» EXERCISE AIM:
All of the records need to be retyped exactly, with no line dropped.

BEGIN PROVIDED INFORMATION

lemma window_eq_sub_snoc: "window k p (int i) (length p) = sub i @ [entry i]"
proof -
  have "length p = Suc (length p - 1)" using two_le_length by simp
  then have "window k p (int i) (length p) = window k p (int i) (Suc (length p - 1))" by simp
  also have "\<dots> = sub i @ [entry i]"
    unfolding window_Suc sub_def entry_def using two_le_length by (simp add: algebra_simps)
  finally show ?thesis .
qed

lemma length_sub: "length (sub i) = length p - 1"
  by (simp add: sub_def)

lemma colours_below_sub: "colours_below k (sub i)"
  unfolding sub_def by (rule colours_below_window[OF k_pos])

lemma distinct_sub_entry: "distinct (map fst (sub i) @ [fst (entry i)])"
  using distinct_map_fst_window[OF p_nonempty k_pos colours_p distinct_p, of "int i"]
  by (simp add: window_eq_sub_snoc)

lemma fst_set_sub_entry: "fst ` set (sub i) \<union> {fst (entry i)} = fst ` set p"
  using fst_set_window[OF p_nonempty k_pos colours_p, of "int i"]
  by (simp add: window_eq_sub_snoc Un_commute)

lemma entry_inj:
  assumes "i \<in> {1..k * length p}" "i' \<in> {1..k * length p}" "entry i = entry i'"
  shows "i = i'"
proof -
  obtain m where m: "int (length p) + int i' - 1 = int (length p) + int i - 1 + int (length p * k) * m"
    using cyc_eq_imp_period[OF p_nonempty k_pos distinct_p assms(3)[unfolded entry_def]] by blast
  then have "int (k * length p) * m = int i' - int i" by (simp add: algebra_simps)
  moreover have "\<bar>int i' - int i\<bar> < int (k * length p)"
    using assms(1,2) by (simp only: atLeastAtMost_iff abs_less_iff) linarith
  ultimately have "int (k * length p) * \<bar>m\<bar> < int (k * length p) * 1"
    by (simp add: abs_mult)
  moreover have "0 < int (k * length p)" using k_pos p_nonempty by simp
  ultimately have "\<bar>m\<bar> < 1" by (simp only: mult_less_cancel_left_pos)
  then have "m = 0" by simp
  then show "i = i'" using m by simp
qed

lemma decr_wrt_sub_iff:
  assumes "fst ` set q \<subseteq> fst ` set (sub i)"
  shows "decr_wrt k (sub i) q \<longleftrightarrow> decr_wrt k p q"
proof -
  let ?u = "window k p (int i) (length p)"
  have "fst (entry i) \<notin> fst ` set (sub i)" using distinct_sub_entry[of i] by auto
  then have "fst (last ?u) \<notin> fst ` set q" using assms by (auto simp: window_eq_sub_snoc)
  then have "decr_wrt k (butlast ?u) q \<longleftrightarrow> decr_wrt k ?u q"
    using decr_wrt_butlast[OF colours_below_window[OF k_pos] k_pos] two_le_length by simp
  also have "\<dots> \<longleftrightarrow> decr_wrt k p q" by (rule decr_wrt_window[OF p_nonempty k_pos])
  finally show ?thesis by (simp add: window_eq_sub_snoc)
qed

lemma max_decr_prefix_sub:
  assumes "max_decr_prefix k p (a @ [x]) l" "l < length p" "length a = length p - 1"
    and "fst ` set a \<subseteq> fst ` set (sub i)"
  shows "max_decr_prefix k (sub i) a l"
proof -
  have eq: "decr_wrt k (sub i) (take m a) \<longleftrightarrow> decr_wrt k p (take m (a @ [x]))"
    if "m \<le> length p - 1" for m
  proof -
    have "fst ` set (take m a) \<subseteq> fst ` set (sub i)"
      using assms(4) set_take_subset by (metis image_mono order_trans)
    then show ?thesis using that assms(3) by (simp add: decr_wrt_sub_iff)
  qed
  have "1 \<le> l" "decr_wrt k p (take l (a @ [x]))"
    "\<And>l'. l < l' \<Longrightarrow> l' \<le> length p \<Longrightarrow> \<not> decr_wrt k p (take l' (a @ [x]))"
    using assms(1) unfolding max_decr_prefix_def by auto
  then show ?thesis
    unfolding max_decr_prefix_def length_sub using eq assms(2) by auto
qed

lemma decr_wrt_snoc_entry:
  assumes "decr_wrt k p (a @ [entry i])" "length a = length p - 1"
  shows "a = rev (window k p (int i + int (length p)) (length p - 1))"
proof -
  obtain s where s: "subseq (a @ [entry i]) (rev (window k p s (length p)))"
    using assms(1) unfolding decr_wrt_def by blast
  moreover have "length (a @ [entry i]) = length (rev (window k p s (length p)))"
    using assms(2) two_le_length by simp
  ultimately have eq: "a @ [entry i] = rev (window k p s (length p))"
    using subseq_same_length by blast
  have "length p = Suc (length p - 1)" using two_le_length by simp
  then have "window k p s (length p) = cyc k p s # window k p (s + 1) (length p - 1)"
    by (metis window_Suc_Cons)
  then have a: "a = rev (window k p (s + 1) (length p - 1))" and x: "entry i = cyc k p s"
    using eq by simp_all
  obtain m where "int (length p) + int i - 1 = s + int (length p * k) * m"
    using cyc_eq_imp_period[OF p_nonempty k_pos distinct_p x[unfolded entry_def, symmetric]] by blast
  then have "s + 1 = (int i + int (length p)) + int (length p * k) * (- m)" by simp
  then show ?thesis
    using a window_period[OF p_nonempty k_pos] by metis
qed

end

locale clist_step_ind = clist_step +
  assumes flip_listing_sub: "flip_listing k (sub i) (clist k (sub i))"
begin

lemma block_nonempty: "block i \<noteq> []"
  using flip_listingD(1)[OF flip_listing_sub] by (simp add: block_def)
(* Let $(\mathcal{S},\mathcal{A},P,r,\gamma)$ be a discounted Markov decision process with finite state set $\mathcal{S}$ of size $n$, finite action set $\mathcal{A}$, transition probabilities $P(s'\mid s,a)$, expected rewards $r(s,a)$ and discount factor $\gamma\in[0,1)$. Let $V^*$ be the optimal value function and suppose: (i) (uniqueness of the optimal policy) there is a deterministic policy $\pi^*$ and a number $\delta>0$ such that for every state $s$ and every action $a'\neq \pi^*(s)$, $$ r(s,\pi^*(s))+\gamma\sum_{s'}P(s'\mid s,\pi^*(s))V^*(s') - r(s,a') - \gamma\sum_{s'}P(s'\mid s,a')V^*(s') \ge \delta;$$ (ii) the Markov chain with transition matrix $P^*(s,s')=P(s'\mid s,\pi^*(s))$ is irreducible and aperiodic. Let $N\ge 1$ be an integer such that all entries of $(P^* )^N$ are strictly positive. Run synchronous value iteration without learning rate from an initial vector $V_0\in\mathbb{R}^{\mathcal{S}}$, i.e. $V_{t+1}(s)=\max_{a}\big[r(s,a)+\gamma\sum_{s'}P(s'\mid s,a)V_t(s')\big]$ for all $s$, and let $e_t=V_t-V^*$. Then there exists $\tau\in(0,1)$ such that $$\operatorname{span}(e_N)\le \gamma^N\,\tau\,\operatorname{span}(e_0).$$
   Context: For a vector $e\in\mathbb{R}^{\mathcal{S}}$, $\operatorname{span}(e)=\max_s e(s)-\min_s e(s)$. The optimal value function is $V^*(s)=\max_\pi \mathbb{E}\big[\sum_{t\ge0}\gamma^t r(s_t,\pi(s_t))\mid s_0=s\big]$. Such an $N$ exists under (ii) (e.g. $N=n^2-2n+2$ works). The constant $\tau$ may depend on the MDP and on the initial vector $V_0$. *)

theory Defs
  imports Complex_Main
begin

END PROVIDED INFORMATION

» WRITTEN SOLUTION:
lemma window_eq_sub_snoc: "window k p (int i) (length p) = sub i @ [entry i]"
proof -
  have "length p = Suc (length p - 1)" using two_le_length by simp
  then have "window k p (int i) (length p) = window k p (int i) (Suc (length p - 1))" by simp
  also have "\<dots> = sub i @ [entry i]"
    unfolding window_Suc sub_def entry_def using two_le_length by (simp add: algebra_simps)
  finally show ?thesis .
qed

lemma length_sub: "length (sub i) = length p - 1"
  by (simp add: sub_def)

lemma colours_below_sub: "colours_below k (sub i)"
  unfolding sub_def by (rule colours_below_window[OF k_pos])

lemma distinct_sub_entry: "distinct (map fst (sub i) @ [fst (entry i)])"
  using distinct_map_fst_window[OF p_nonempty k_pos colours_p distinct_p, of "int i"]
  by (simp add: window_eq_sub_snoc)

lemma fst_set_sub_entry: "fst ` set (sub i) \<union> {fst (entry i)} = fst ` set p"
  using fst_set_window[OF p_nonempty k_pos colours_p, of "int i"]
  by (simp add: window_eq_sub_snoc Un_commute)

lemma entry_inj:
  assumes "i \<in> {1..k * length p}" "i' \<in> {1..k * length p}" "entry i = entry i'"
  shows "i = i'"
proof -
  obtain m where m: "int (length p) + int i' - 1 = int (length p) + int i - 1 + int (length p * k) * m"
    using cyc_eq_imp_period[OF p_nonempty k_pos distinct_p assms(3)[unfolded entry_def]] by blast
  then have "int (k * length p) * m = int i' - int i" by (simp add: algebra_simps)
  moreover have "\<bar>int i' - int i\<bar> < int (k * length p)"
    using assms(1,2) by (simp only: atLeastAtMost_iff abs_less_iff) linarith
  ultimately have "int (k * length p) * \<bar>m\<bar> < int (k * length p) * 1"
    by (simp add: abs_mult)
  moreover have "0 < int (k * length p)" using k_pos p_nonempty by simp
  ultimately have "\<bar>m\<bar> < 1" by (simp only: mult_less_cancel_left_pos)
  then have "m = 0" by simp
  then show "i = i'" using m by simp
qed

lemma decr_wrt_sub_iff:
  assumes "fst ` set q \<subseteq> fst ` set (sub i)"
  shows "decr_wrt k (sub i) q \<longleftrightarrow> decr_wrt k p q"
proof -
  let ?u = "window k p (int i) (length p)"
  have "fst (entry i) \<notin> fst ` set (sub i)" using distinct_sub_entry[of i] by auto
  then have "fst (last ?u) \<notin> fst ` set q" using assms by (auto simp: window_eq_sub_snoc)
  then have "decr_wrt k (butlast ?u) q \<longleftrightarrow> decr_wrt k ?u q"
    using decr_wrt_butlast[OF colours_below_window[OF k_pos] k_pos] two_le_length by simp
  also have "\<dots> \<longleftrightarrow> decr_wrt k p q" by (rule decr_wrt_window[OF p_nonempty k_pos])
  finally show ?thesis by (simp add: window_eq_sub_snoc)
qed

lemma max_decr_prefix_sub:
  assumes "max_decr_prefix k p (a @ [x]) l" "l < length p" "length a = length p - 1"
    and "fst ` set a \<subseteq> fst ` set (sub i)"
  shows "max_decr_prefix k (sub i) a l"
proof -
  have eq: "decr_wrt k (sub i) (take m a) \<longleftrightarrow> decr_wrt k p (take m (a @ [x]))"
    if "m \<le> length p - 1" for m
  proof -
    have "fst ` set (take m a) \<subseteq> fst ` set (sub i)"
      using assms(4) set_take_subset by (metis image_mono order_trans)
    then show ?thesis using that assms(3) by (simp add: decr_wrt_sub_iff)
  qed
  have "1 \<le> l" "decr_wrt k p (take l (a @ [x]))"
    "\<And>l'. l < l' \<Longrightarrow> l' \<le> length p \<Longrightarrow> \<not> decr_wrt k p (take l' (a @ [x]))"
    using assms(1) unfolding max_decr_prefix_def by auto
  then show ?thesis
    unfolding max_decr_prefix_def length_sub using eq assms(2) by auto
qed

lemma decr_wrt_snoc_entry:
  assumes "decr_wrt k p (a @ [entry i])" "length a = length p - 1"
  shows "a = rev (window k p (int i + int (length p)) (length p - 1))"
proof -
  obtain s where s: "subseq (a @ [entry i]) (rev (window k p s (length p)))"
    using assms(1) unfolding decr_wrt_def by blast
  moreover have "length (a @ [entry i]) = length (rev (window k p s (length p)))"
    using assms(2) two_le_length by simp
  ultimately have eq: "a @ [entry i] = rev (window k p s (length p))"
    using subseq_same_length by blast
  have "length p = Suc (length p - 1)" using two_le_length by simp
  then have "window k p s (length p) = cyc k p s # window k p (s + 1) (length p - 1)"
    by (metis window_Suc_Cons)
  then have a: "a = rev (window k p (s + 1) (length p - 1))" and x: "entry i = cyc k p s"
    using eq by simp_all
  obtain m where "int (length p) + int i - 1 = s + int (length p * k) * m"
    using cyc_eq_imp_period[OF p_nonempty k_pos distinct_p x[unfolded entry_def, symmetric]] by blast
  then have "s + 1 = (int i + int (length p)) + int (length p * k) * (- m)" by simp
  then show ?thesis
    using a window_period[OF p_nonempty k_pos] by metis
qed

end

locale clist_step_ind = clist_step +
  assumes flip_listing_sub: "flip_listing k (sub i) (clist k (sub i))"
begin

lemma block_nonempty: "block i \<noteq> []"
  using flip_listingD(1)[OF flip_listing_sub] by (simp add: block_def)
(* Let $(\mathcal{S},\mathcal{A},P,r,\gamma)$ be a discounted Markov decision process with finite state set $\mathcal{S}$ of size $n$, finite action set $\mathcal{A}$, transition probabilities $P(s'\mid s,a)$, expected rewards $r(s,a)$ and discount factor $\gamma\in[0,1)$. Let $V^*$ be the optimal value function and suppose: (i) (uniqueness of the optimal policy) there is a deterministic policy $\pi^*$ and a number $\delta>0$ such that for every state $s$ and every action $a'\neq \pi^*(s)$, $$ r(s,\pi^*(s))+\gamma\sum_{s'}P(s'\mid s,\pi^*(s))V^*(s') - r(s,a') - \gamma\sum_{s'}P(s'\mid s,a')V^*(s') \ge \delta;$$ (ii) the Markov chain with transition matrix $P^*(s,s')=P(s'\mid s,\pi^*(s))$ is irreducible and aperiodic. Let $N\ge 1$ be an integer such that all entries of $(P^* )^N$ are strictly positive. Run synchronous value iteration without learning rate from an initial vector $V_0\in\mathbb{R}^{\mathcal{S}}$, i.e. $V_{t+1}(s)=\max_{a}\big[r(s,a)+\gamma\sum_{s'}P(s'\mid s,a)V_t(s')\big]$ for all $s$, and let $e_t=V_t-V^*$. Then there exists $\tau\in(0,1)$ such that $$\operatorname{span}(e_N)\le \gamma^N\,\tau\,\operatorname{span}(e_0).$$
   Context: For a vector $e\in\mathbb{R}^{\mathcal{S}}$, $\operatorname{span}(e)=\max_s e(s)-\min_s e(s)$. The optimal value function is $V^*(s)=\max_\pi \mathbb{E}\big[\sum_{t\ge0}\gamma^t r(s_t,\pi(s_t))\mid s_0=s\big]$. Such an $N$ exists under (ii) (e.g. $N=n^2-2n+2$ works). The constant $\tau$ may depend on the MDP and on the initial vector $V_0$. *)

theory Defs
  imports Complex_Main
begin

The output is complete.